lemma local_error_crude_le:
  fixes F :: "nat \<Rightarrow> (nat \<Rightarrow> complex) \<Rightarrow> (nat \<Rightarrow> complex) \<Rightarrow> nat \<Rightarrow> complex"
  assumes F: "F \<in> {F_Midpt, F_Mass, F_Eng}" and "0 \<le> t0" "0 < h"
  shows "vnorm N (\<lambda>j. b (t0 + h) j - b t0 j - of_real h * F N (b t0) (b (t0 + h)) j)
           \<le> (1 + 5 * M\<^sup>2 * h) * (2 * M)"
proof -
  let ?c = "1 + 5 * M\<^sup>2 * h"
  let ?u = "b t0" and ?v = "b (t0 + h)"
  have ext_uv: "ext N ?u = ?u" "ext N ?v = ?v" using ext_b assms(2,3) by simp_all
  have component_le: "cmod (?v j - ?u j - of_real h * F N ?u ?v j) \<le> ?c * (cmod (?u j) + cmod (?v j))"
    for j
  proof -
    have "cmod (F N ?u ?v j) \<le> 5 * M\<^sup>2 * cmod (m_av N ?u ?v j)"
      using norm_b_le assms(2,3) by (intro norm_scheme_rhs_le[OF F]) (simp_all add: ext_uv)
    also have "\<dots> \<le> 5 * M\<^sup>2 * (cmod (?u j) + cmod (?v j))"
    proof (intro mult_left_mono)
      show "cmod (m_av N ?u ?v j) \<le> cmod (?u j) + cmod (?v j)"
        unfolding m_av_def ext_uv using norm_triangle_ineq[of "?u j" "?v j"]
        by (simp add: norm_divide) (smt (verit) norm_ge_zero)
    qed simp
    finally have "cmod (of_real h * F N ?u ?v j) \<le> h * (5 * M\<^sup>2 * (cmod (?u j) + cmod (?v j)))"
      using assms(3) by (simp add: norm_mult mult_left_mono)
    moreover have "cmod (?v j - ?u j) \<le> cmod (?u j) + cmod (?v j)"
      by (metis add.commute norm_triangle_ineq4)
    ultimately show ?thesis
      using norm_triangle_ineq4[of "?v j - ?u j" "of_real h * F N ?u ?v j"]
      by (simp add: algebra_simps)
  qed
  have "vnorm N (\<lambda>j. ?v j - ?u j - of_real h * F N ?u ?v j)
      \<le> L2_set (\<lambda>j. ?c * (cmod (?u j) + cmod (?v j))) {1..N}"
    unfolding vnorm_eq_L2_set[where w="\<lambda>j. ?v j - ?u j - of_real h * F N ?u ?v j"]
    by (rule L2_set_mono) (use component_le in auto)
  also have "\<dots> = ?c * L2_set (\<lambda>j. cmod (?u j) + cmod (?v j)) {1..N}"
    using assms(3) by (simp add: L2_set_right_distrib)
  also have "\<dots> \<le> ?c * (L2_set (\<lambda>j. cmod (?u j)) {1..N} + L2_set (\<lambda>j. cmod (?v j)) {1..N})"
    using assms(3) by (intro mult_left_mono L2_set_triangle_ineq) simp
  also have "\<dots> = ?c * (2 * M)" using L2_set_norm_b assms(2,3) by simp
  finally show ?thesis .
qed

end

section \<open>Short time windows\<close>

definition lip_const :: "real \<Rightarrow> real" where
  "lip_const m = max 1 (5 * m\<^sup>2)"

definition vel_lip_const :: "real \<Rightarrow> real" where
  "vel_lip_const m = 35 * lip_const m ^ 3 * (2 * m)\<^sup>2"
==
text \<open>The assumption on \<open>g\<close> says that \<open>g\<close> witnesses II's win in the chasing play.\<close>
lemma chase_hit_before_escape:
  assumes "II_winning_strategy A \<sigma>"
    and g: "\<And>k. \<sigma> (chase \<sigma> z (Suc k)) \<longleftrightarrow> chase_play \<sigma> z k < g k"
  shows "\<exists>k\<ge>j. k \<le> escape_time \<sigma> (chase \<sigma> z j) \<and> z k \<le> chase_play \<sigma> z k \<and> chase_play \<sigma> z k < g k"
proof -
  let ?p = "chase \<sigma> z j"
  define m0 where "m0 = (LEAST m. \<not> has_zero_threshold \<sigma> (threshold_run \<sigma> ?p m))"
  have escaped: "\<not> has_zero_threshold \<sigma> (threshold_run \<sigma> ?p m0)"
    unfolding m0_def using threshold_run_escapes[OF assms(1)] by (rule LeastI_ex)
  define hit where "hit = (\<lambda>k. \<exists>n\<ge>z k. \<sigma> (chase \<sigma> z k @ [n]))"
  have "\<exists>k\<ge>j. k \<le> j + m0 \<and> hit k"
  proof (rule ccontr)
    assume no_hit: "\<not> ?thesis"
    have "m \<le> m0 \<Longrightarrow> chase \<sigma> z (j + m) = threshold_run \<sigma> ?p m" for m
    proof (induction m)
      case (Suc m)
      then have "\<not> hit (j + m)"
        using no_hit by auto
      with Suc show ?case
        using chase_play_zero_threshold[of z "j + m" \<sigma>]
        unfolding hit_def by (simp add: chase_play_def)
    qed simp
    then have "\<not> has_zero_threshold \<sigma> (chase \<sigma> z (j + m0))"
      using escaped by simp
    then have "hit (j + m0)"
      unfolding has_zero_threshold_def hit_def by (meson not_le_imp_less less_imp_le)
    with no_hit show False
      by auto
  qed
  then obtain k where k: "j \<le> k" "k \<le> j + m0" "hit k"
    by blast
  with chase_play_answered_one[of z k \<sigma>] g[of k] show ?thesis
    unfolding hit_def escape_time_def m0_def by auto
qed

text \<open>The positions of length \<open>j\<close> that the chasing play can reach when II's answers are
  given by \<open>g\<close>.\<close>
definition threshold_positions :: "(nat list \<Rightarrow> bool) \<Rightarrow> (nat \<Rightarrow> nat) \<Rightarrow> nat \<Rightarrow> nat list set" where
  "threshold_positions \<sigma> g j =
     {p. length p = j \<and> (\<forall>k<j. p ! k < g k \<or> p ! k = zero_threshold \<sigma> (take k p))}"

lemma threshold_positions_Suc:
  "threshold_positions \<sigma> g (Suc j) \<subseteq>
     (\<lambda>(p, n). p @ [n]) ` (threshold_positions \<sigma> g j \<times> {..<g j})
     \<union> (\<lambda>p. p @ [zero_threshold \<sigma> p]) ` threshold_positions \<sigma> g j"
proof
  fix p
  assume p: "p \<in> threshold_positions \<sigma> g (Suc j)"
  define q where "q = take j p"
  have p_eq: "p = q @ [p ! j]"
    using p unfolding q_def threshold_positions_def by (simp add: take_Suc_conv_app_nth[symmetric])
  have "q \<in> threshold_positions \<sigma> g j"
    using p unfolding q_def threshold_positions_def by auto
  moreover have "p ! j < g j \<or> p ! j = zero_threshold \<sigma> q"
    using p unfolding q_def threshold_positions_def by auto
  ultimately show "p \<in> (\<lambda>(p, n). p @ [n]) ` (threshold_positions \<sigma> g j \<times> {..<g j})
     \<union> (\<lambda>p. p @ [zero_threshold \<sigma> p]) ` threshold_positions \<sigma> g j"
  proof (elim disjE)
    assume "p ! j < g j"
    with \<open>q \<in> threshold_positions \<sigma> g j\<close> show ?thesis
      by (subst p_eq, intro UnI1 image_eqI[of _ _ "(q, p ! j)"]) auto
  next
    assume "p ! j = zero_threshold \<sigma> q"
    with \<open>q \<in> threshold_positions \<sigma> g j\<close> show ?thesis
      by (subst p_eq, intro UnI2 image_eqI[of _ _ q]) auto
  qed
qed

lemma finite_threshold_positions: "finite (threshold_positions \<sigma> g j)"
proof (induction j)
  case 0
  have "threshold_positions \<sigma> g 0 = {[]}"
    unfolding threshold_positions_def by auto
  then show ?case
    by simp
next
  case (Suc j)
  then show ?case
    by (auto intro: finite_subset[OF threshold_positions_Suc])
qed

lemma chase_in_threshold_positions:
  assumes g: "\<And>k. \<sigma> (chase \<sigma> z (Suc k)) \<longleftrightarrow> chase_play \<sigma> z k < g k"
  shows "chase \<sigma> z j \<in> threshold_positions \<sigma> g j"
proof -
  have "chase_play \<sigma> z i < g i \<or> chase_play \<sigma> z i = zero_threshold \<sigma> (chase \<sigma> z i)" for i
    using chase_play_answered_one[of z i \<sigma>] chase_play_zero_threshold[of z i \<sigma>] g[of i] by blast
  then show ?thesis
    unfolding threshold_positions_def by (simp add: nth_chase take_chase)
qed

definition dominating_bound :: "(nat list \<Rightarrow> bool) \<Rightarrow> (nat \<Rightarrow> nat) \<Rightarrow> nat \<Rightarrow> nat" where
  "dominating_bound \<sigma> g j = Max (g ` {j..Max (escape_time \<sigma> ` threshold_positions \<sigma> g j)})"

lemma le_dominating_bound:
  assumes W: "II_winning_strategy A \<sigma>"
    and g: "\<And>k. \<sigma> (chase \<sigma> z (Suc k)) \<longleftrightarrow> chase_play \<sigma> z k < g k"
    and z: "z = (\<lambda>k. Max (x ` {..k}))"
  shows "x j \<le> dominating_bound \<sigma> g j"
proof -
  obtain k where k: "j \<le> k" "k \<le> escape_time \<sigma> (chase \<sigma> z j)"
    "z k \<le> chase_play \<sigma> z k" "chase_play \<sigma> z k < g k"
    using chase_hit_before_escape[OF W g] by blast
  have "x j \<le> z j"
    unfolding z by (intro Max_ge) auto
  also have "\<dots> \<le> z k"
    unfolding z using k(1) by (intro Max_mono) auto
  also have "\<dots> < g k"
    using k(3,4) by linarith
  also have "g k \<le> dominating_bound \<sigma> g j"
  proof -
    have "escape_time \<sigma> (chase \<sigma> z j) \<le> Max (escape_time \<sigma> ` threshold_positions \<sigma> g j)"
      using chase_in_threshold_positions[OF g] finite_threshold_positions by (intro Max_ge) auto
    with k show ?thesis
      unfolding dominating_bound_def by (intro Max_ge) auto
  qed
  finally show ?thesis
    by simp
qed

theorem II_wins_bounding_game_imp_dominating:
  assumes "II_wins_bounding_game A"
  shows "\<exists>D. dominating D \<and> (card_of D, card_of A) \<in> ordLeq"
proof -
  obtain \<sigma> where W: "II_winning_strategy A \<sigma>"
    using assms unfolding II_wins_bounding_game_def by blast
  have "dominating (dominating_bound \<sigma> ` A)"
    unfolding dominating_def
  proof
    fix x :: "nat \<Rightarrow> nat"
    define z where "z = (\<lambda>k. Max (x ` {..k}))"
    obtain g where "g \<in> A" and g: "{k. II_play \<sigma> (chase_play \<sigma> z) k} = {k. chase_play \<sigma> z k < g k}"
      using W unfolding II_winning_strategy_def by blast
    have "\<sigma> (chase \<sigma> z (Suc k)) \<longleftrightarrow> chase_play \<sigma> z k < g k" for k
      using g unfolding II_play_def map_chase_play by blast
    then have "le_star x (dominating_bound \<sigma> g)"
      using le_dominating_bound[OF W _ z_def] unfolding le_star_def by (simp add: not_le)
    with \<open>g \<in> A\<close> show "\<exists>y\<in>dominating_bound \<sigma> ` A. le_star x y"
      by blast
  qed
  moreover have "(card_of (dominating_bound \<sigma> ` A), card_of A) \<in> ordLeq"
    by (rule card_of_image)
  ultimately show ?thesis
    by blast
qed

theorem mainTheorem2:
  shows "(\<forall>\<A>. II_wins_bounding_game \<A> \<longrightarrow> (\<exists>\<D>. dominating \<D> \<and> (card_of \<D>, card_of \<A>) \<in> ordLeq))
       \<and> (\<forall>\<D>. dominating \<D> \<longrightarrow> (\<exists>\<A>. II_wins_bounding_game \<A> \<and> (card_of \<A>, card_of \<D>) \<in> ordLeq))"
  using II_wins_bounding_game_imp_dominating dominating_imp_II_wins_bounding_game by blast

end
...
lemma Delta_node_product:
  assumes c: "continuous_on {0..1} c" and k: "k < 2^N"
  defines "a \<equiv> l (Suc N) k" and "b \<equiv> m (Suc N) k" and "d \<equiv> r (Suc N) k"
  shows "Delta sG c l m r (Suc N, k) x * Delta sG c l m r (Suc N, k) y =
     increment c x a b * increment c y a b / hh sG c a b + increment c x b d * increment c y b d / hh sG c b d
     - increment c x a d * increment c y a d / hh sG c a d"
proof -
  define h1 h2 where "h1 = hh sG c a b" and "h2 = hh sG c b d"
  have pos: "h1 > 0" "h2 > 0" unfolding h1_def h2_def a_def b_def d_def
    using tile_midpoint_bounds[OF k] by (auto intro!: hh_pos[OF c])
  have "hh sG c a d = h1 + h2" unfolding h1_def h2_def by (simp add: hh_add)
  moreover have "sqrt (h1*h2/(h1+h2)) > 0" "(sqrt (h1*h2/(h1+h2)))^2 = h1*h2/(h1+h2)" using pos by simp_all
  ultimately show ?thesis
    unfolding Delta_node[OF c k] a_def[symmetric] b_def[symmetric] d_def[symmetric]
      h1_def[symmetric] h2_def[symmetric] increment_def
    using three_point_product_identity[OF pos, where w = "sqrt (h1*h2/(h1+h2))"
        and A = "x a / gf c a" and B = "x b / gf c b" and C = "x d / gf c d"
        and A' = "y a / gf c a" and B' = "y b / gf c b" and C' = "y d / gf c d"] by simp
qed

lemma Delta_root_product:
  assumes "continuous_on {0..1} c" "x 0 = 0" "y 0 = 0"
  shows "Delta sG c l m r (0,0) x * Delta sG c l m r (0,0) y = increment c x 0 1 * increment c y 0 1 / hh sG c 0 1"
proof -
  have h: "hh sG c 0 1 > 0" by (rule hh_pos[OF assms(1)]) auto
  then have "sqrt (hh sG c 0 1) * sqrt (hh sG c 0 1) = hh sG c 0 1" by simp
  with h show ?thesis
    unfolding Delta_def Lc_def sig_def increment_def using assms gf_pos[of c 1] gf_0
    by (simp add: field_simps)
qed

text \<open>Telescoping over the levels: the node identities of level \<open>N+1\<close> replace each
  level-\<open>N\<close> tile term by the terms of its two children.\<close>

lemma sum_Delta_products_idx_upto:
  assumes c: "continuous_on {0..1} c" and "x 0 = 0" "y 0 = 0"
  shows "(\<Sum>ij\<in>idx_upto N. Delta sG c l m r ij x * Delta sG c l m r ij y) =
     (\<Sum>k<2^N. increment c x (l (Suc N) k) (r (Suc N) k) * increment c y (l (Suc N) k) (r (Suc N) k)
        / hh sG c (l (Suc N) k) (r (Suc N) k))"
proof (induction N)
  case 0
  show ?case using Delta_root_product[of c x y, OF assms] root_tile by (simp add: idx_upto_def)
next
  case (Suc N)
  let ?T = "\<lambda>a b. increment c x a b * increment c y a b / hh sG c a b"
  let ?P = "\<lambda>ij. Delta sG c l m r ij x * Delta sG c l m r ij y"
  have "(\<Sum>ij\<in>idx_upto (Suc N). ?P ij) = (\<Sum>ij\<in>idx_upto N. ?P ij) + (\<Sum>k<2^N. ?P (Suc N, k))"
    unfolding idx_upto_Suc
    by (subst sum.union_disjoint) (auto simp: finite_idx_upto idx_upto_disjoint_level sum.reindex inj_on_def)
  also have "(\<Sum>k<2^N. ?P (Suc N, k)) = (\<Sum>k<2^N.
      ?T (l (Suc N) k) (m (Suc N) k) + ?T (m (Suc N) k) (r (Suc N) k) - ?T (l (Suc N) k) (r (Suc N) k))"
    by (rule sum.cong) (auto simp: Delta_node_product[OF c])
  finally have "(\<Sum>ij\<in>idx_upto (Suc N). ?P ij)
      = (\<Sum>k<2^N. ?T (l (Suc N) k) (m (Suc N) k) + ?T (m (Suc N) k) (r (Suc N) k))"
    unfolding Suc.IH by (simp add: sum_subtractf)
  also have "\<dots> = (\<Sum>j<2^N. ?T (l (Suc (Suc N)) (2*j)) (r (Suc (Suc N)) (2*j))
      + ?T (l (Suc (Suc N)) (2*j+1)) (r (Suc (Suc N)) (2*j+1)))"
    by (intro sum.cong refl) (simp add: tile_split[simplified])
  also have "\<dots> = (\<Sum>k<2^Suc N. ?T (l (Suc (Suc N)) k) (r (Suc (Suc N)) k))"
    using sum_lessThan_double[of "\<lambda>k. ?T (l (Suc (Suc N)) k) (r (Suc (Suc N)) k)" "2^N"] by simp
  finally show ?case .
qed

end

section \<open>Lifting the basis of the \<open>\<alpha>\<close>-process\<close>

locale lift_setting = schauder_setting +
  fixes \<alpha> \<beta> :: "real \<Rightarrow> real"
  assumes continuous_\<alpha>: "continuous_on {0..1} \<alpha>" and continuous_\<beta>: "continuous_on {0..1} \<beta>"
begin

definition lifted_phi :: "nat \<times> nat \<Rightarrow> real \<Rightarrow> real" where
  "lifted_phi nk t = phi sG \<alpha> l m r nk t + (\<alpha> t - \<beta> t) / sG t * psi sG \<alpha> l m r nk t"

#### Brief
Find the string "intro" in the listing and return every line that holds it.

#### Result for this exercise
      using norm_b_le assms(2,3) by (intro norm_scheme_rhs_le[OF F]) (simp_all add: ext_uv)
    proof (intro mult_left_mono)
    using assms(3) by (intro mult_left_mono L2_set_triangle_ineq) simp
      by (subst p_eq, intro UnI1 image_eqI[of _ _ "(q, p ! j)"]) auto
      by (subst p_eq, intro UnI2 image_eqI[of _ _ q]) auto
    by (auto intro: finite_subset[OF threshold_positions_Suc])
    unfolding z by (intro Max_ge) auto
    unfolding z using k(1) by (intro Max_mono) auto
      using chase_in_threshold_positions[OF g] finite_threshold_positions by (intro Max_ge) auto
      unfolding dominating_bound_def by (intro Max_ge) auto
    using tile_midpoint_bounds[OF k] by (auto intro!: hh_pos[OF c])
    by (intro sum.cong refl) (simp add: tile_split[simplified])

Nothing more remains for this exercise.